Background information
- Born: Valerie Teicher Barbosa 4 October 1989 (age 36) Buenos Aires, Argentina
- Origin: Bogotá, Colombia Vancouver, British Columbia, Canada
- Genres: Indie pop; alternative R&B; art pop; synth-pop;
- Occupations: Singer; songwriter; record producer;
- Instrument: Vocals
- Years active: 2013–present
- Labels: Downtown; Geffen;
- Website: teishi.world

= Tei Shi =

Canadian singer, songwriter and record producer (born 1989)

Valerie Teicher Barbosa (born 4 October 1989), best known by her stage name Tei Shi, is an Argentine-Colombian-Canadian, singer, songwriter, and record producer based in New York City. She released her first singles and music videos in 2013, also performing live for the first time at CMJ. Tei Shi released her debut extended play, Saudade, in November 2013, which Noisey described as a "layered masterpiece of melodies... expertly entwined vocal loops, and shivery sonics."

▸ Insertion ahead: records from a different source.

(* Let $p$ be an odd prime and let $a$ be an integer with $a\not\equiv \pm 1 \pmod p$. Put $\epsilon=\left(\frac{a^2-1}{p}\right)$ and $\delta=\left(\frac{2(a+1)}{p}\right)$ (Legendre symbols; both lie in $\{\pm1\}$ under this hypothesis), and let $\omega_a=a+\sqrt{a^2-1}$. Then, in the ring $\mathbb{Z}[\sqrt{a^2-1}]$ (i.e. $\mathbb{Z}[X]/(X^2-(a^2-1))$) reduced modulo $p$, $$\omega_a^{\frac{p-\epsilon}{2}}\equiv \delta,\qquad \omega_a^{\frac{p+\epsilon}{2}}\equiv \delta\,\omega_a^{\epsilon}\pmod p,$$ equivalently $$T_{(p-\epsilon)/2}(a)\equiv\delta,\quad U_{(p-\epsilon)/2-1}(a)\equiv 0,\quad T_{(p+\epsilon)/2}(a)\equiv\delta a,\quad U_{(p+\epsilon)/2-1}(a)\equiv\delta\epsilon \pmod p.$$ Moreover $T_{(p-\epsilon)/2}(a)\equiv\delta \pmod{p^2}$, and $T_{(p-\epsilon)/2}(a)\equiv\delta \pmod p$ by itself implies $U_{(p-\epsilon)/2-1}(a)\equiv 0\pmod p$.
   Context: The Chebyshev polynomials $T_n(x)$ (first kind) and $U_{n}(x)$ (second kind) are the integer polynomials determined by $(x+\sqrt{x^2-1})^n=T_n(x)+U_{n-1}(x)\sqrt{x^2-1}$ for $n\ge 0$ (so $T_0=1$, $U_{-1}=0$, $T_1=x$, $U_0=1$, and $T_n(\cos\theta)=\cos n\theta$). For an element $u+v\sqrt{a^2-1}$ with $u,v\in\mathbb{Z}$, congruence modulo $p$ means $u$ and $v$ are each congruent modulo $p$; $\omega_a^{-1}=a-\sqrt{a^2-1}$. *)

theory Defs
  imports "HOL-Number_Theory.Number_Theory"
begin

text \<open>Coefficients of powers of omega_a = a + sqrt(a^2-1) in Z[sqrt(a^2-1)]:
  omega_pow a n = (u, v) means omega_a^n = u + v sqrt(a^2-1).
  By definition of the Chebyshev polynomials, omega_pow a n = (T_n(a), U_{n-1}(a)).\<close>
fun omega_pow :: "int \<Rightarrow> nat \<Rightarrow> int \<times> int" where
  "omega_pow a 0 = (1, 0)"
| "omega_pow a (Suc n) =
     (let (u, v) = omega_pow a n in (a * u + (a\<^sup>2 - 1) * v, u + a * v))"

definition chebT :: "nat \<Rightarrow> int \<Rightarrow> int" where
  "chebT n a = fst (omega_pow a n)"

definition chebU :: "nat \<Rightarrow> int \<Rightarrow> int" where
  "chebU n a = snd (omega_pow a (Suc n))"

definition cong_pair :: "int \<times> int \<Rightarrow> int \<times> int \<Rightarrow> int \<Rightarrow> bool" where
  "cong_pair x y m \<longleftrightarrow> [fst x = fst y] (mod m) \<and> [snd x = snd y] (mod m)"

end

theory Submission
  imports Defs
begin

(* Let d = a^2 - 1 and beta = (a + 1) + sqrt d, so that beta^2 = 2(a + 1) omega_a and
   beta * conj beta = 2(a + 1). The binomial theorem, Fermat's little theorem and Euler's
   criterion give beta^p == (a + 1) + eps sqrt d (mod p), i.e. beta^p == beta or conj beta
   according as eps = 1 or eps = -1; in both cases beta^(p - eps) == (2(a + 1))^((1 - eps)/2).
   As beta^(p - eps) = (2(a + 1))^((p - eps)/2) omega_a^((p - eps)/2) and
   (2(a + 1))^((p - 1)/2) == delta by Euler's criterion, omega_a^((p - eps)/2) == delta, and
   multiplying by omega_a^eps = a + eps sqrt d gives the second congruence. Their coordinates
   are the claims on T and U. The lift to p^2 and the implication T == delta ==> U == 0 follow
   from the Pell equation T_n^2 - d U_(n-1)^2 = 1. *)

(* An element x stands for the family of elements re x d + im x d * sqrt d of Z[sqrt d], one for
   every d, with componentwise operations: a single comm_ring_1 type covering all d at once. *)
datatype zsqrt = ZSqrt (re: "int \<Rightarrow> int") (im: "int \<Rightarrow> int")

In 2014, she released two singles: "Adder(f)all" and a cover of Beyoncé's "No Angel". She was also a guest artist on the track "Holiest" by Glass Animals, an English indie rock band. Her second extended play, Verde, was released in 2015. Her debut album, Crawl Space, was released on March 31, 2017, and her sophomore LP La Linda on November 17, 2019. On July 17, 2020, Tei Shi released the EP "Die 4 Ur Love", with a deluxe version following on December 11, 2020. On June 16, 2022, Tei Shi released the single "GRIP", her first release as a fully independent artist.

==Early life==
Teicher was born in Buenos Aires, Argentina to Colombian parents. After spending her childhood in Bogotá, her family later moved to Vancouver, British Columbia, Canada. She is the granddaughter of Holocaust survivors and was raised Jewish. She attended Berklee College of Music in Boston, Massachusetts, and afterwards moved to New York City.

==Music career==

===2013–2014: First singles and Saudade===

In the summer of 2013 Tei Shi released her first single, which she announced would later appear on her upcoming debut EP. Titled "M&Ms", Dummy Magazine called the single "transportive and exceedingly gorgeous," stating "minimal background instrumentation is limited to an echoing drum track, mouth organs and a few lonely guitar bits, but they provide a solid framework for her soft, cooing a cappella." A video was released along with the song, and directed by singer-songwriter Grimes' brother Mac Boucher.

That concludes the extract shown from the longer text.